Before they departed, Bravera put her face close to Randolph’s, squeezing his cheeks in her blood-nailed fingers. Her tan was prominent against his burnished-copper skin. “You liked fucking her, didn’t you?”
“Only doing my job, cap’n.”
“Just remember, Thelonious, I know how to use a rifle with a scope.”
“I keep that information uppermost in my mind.”
“See that you do.” She kissed him deep and long.

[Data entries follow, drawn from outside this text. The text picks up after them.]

lemma sesq_ip_subcode:
  assumes "x \<in> subcode C T" "finite I" "T \<subseteq> I"
  shows "sesq_ip \<sigma> (I - T) x y = sesq_ip \<sigma> I x y"
  unfolding sesq_ip_def using assms by (intro sum.mono_neutral_left) (auto simp: subcode_def)

context field_involution
begin

lemma hom_0: "\<sigma> 0 = 0"
  using hom_add[of 0 0] add_cancel_right_right by (metis add_0)

lemma hom_sum: "\<sigma> (\<Sum>i\<in>A. f i) = (\<Sum>i\<in>A. \<sigma> (f i))"
  by (induction A rule: infinite_finite_induct) (simp_all add: hom_0 hom_add)

lemma sesq_ip_swap: "sesq_ip \<sigma> I y x = \<sigma> (sesq_ip \<sigma> I x y)"
  by (simp add: sesq_ip_def hom_sum hom_mult involution mult.commute)

lemma sesq_ip_add_right: "sesq_ip \<sigma> I x (y + y') = sesq_ip \<sigma> I x y + sesq_ip \<sigma> I x y'"
  by (simp add: sesq_ip_def hom_add distrib_left sum.distrib)

lemma sesq_ip_scale_right: "sesq_ip \<sigma> I x (sc c y) = \<sigma> c * sesq_ip \<sigma> I x y"
  by (simp add: sesq_ip_def hom_mult sum_distrib_left mult.left_commute)

lemma sesq_dual_subspace: "V.subspace (sesq_dual \<sigma> I C)"
proof -
  have "sesq_ip \<sigma> I x 0 = 0" for x
    by (simp add: sesq_ip_def hom_0)
  then show ?thesis
    unfolding V.subspace_def sesq_dual_def
    by (auto simp: sesq_ip_add_right sesq_ip_scale_right vecs_def)
qed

At the Seaside Lounge, Avery Randolph began a mournful rendition of “On Green Dolphin Street.” At her table by the window, Emily Bravera sat and drank sparingly, appreciating his handling of the tune. The two had been working this area for more than a month now, pulling off several lucrative burglaries in Long Beach and south along the Orange County coast. Jewelry, a few spicy homemade DVDs, cash, and even gold bars horded against the next meltdown. For it wasn’t only old hippies like Brice Hovis who failed to report all their income.
The front they’d constructed involved Bravera posing as a general’s widow living in Rossmoor. Real estate being what it was these days, the realtor was happy to rent to the widow on a month-to-month basis. She was personable, knowledgable on a variety of subjects, worked out at the local gym, and managed to get herself invited to this or that soiree or club event — thus being able to scope out various domiciles.